AMCA provides debt collection services to many healthcare companies, which requires access to the PHI of patients with outstanding bills. A cyberattack on the AMCA payment website allowed hackers to can access to the site, and through it, the PHI of patients. Hackers had access to the payment website for 8 months before the breach was detected.
As of today, July 18, 2019, five AMCA clients have confirmed they have been affected by the breach. First came Quest Diagnostics, which announced through an SEC filing that 11.9 million of its patients had been affected. That was closely followed by LabCorp’s announcement that 7.7 million records had been exposed. BioReference Laboratories also confirmed that around 422,000 of its patients had been affected, and recently 13,000 patients of Penobscot Community Health Center in Maine have been confirmed to have been affected.
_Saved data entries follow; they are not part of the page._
(* Let $0<R<\infty$ and let $f(x)=\sum_{n=0}^\infty a_nx^n$ with $a_n>0$ for all $n$ be convergent on $(-R,R)$. Define $m(x)=f(R-x^2/R)/f(x^2/R)$ for $x\in(0,R)$. If the sequence $\{R(n+1)a_{n+1}/a_n-n\}_{n\ge0}$ is decreasing, then $$\frac{1}{m\big(\sqrt[4]{(R^2-x^2)(R^2-y^2)}\big)}\le\sqrt{m(x)m(y)}\le m(\sqrt{xy})$$ for all $x,y\in(0,R)$, with equality if and only if $x=y$. *)

theory Defs
  imports Complex_Main
begin

definition pseries :: "(nat \<Rightarrow> real) \<Rightarrow> real \<Rightarrow> real" where
  "pseries a x = (\<Sum>n. a n * x ^ n)"

definition mfun :: "(nat \<Rightarrow> real) \<Rightarrow> real \<Rightarrow> real \<Rightarrow> real" where
  "mfun a R x = pseries a (R - x\<^sup>2 / R) / pseries a (x\<^sup>2 / R)"

end

theory Submission
  imports Defs
begin

text \<open>With \<open>t = x\<^sup>2 / R\<close> one has \<open>m(x) = exp (K t)\<close> for \<open>K t = ln f(R - t) - ln f(t)\<close>, and
  \<open>K (R - t) = - K t\<close>. Both inequalities then reduce to strict midpoint concavity of
  \<open>u \<mapsto> K (exp u)\<close> (at \<open>t, s\<close> for the right one, at \<open>R - t, R - s\<close> for the left one). The derivative
  of this function is \<open>-(t L(R - t) + t L(t))\<close> with \<open>L = f'/f\<close>, evaluated at \<open>t = exp u\<close>. It decreases
  strictly because \<open>t L(t)\<close> increases strictly for every series with positive coefficients, while
  \<open>(R - w) L(w)\<close> decreases by the hypothesis on the coefficients. Both monotonicity statements are
  instances of a Chebyshev-type inequality: if \<open>\<beta>\<^sub>n / \<alpha>\<^sub>n\<close> decreases, so does
  \<open>(\<Sum> \<beta>\<^sub>n x\<^sup>n) / (\<Sum> \<alpha>\<^sub>n x\<^sup>n)\<close>, as one sees by symmetrising the Cauchy product.\<close>

lemma power_cross_le:
  fixes x y :: "'a::linordered_semidom"
  assumes "0 \<le> x" "x \<le> y" "i \<le> j"
  shows "x ^ j * y ^ i \<le> x ^ i * y ^ j"
proof -
  obtain d where j: "j = i + d" using assms(3) le_Suc_ex by blast
  have "x ^ i * y ^ i * x ^ d \<le> x ^ i * y ^ i * y ^ d"
    using assms by (intro mult_left_mono power_mono) auto
  then show ?thesis unfolding j power_add by (simp add: ac_simps)
qed

lemma power2_divide_bounds:
  fixes x R :: real
  assumes "0 < x" "x < R"
  shows "0 < x\<^sup>2 / R" "x\<^sup>2 / R < R"
  using assms by (auto simp: field_simps power2_eq_square intro: mult_strict_mono)

lemma summable_norm_power_series_inside:
  fixes c :: "nat \<Rightarrow> real"
  assumes "\<And>z. \<bar>z\<bar> < R \<Longrightarrow> summable (\<lambda>n. c n * z ^ n)" and "\<bar>z\<bar> < R"
  shows "summable (\<lambda>n. norm (c n * z ^ n))"
  using powser_insidea[OF assms(1)[of "(\<bar>z\<bar> + R) / 2"]] assms(2) by auto

lemma DERIV_antimono_imp_midpoint_less:
  fixes f f' :: "real \<Rightarrow> real"
  assumes "u < v"
    and deriv: "\<And>z. u \<le> z \<Longrightarrow> z \<le> v \<Longrightarrow> (f has_real_derivative f' z) (at z)"
    and antimono: "\<And>z w. u \<le> z \<Longrightarrow> z < w \<Longrightarrow> w \<le> v \<Longrightarrow> f' w < f' z"
  shows "f u + f v < 2 * f ((u + v) / 2)"
proof -
  define m where "m = (u + v) / 2"
  have m: "u < m" "m < v" "v - m = m - u" using \<open>u < v\<close> by (auto simp: m_def field_simps)
  obtain z1 where z1: "u < z1" "z1 < m" "f m - f u = (m - u) * f' z1"
    using MVT2[OF \<open>u < m\<close>, of f f'] deriv m by force
  obtain z2 where z2: "m < z2" "z2 < v" "f v - f m = (v - m) * f' z2"
    using MVT2[OF \<open>m < v\<close>, of f f'] deriv m by force
  have "(v - m) * f' z2 < (m - u) * f' z1"
    using antimono[of z1 z2] z1 z2 m by simp
  with z1 z2 show ?thesis unfolding m_def by simp
qed

lemma antitone_ratio_cross_term_nonneg:
  fixes x y :: real
  assumes "0 \<le> x" "x \<le> y" and ratio: "\<And>i j. i \<le> j \<Longrightarrow> \<beta> j * \<alpha> i \<le> \<beta> i * \<alpha> j"
  shows "0 \<le> (\<beta> i * \<alpha> k - \<beta> k * \<alpha> i) * (x ^ i * y ^ k - x ^ k * y ^ i)"
proof (cases "i \<le> k")
  case True
  then show ?thesis
    using ratio[OF True] power_cross_le[OF assms(1,2) True] by (intro mult_nonneg_nonneg) auto
next
  case False
  then have "k \<le> i" by simp
  then show ?thesis
    using ratio[OF \<open>k \<le> i\<close>] power_cross_le[OF assms(1,2) \<open>k \<le> i\<close>] by (intro mult_nonpos_nonpos) auto
qed

lemma power_series_cross_diff_sums:
  fixes \<alpha> \<beta> :: "nat \<Rightarrow> real"
  assumes "summable (\<lambda>n. norm (\<alpha> n * x ^ n))" "summable (\<lambda>n. norm (\<alpha> n * y ^ n))"
    and "summable (\<lambda>n. norm (\<beta> n * x ^ n))" "summable (\<lambda>n. norm (\<beta> n * y ^ n))"
  shows "(\<lambda>k. (\<Sum>i\<le>k. (\<beta> i * \<alpha> (k - i) - \<beta> (k - i) * \<alpha> i)
              * (x ^ i * y ^ (k - i) - x ^ (k - i) * y ^ i)) / 2)
    sums ((\<Sum>n. \<beta> n * x ^ n) * (\<Sum>n. \<alpha> n * y ^ n) - (\<Sum>n. \<beta> n * y ^ n) * (\<Sum>n. \<alpha> n * x ^ n))"
proof -
  define T where "T k i = \<beta> i * \<alpha> (k - i) * (x ^ i * y ^ (k - i) - y ^ i * x ^ (k - i))" for k i
  have "(\<lambda>k. \<Sum>i\<le>k. T k i)
      sums ((\<Sum>n. \<beta> n * x ^ n) * (\<Sum>n. \<alpha> n * y ^ n) - (\<Sum>n. \<beta> n * y ^ n) * (\<Sum>n. \<alpha> n * x ^ n))"
    using sums_diff[OF Cauchy_product_sums[OF assms(3,2)] Cauchy_product_sums[OF assms(4,1)]]
    by (simp add: T_def sum_subtractf[symmetric] algebra_simps)
  moreover have "(\<Sum>i\<le>k. T k i) = (\<Sum>i\<le>k. (\<beta> i * \<alpha> (k - i) - \<beta> (k - i) * \<alpha> i)
              * (x ^ i * y ^ (k - i) - x ^ (k - i) * y ^ i)) / 2" for k
  proof -
    have "(\<Sum>i\<le>k. T k i) = (\<Sum>i\<le>k. T k (k - i))"
      by (rule sum.reindex_bij_witness[where i="\<lambda>i. k - i" and j="\<lambda>i. k - i"]) auto
    then have "2 * (\<Sum>i\<le>k. T k i) = (\<Sum>i\<le>k. T k i + T k (k - i))"
      by (simp add: sum.distrib)
    also have "\<dots> = (\<Sum>i\<le>k. (\<beta> i * \<alpha> (k - i) - \<beta> (k - i) * \<alpha> i)
              * (x ^ i * y ^ (k - i) - x ^ (k - i) * y ^ i))"
      by (intro sum.cong) (auto simp: T_def algebra_simps)
    finally show ?thesis by simp
  qed
  ultimately show ?thesis by simp
qed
To date, more than 22.2 million patients are known to have been affected by the breach.
All of the above healthcare providers were notified in May, two months after AMCA became aware of the breach. However, only limited information about the breach was provided initially as AMCA continued to investigate.
Clinical Pathology Laboratories was notified in May but was not provided with sufficient information about who had been affected, so its breach announcement had to be delayed. AMCA has now confirmed that names, addresses, birth dates, dates of service, account balances, and credit/debit card or banking information were potentially compromised.
AMCA has started sending notification letters to all affected Clinical Pathology Laboratories patients. So far, around 34,500 letters have been sent. Those individuals had their personal and financial information exposed. AMCA has since discovered a further 2.2 million patients had their data exposed, although credit/debit card and banking information was not held for those customers.
As has been the case with all other affected entities, Clinical Pathology Laboratories has stopped doing business with AMCA. AMCA’s parent company has filed for Chapter 11 protection, several lawsuits have been filed, and several state Senators have written to AMCA demanding answers. OCR will also be keen to discover how such a major breach could have occurred and fail to be detected for 8 months. Questions will also be asked about the breach response. Despite discovering the breach in March 2019 or earlier, it took until June 4 for notification letters to start being issued.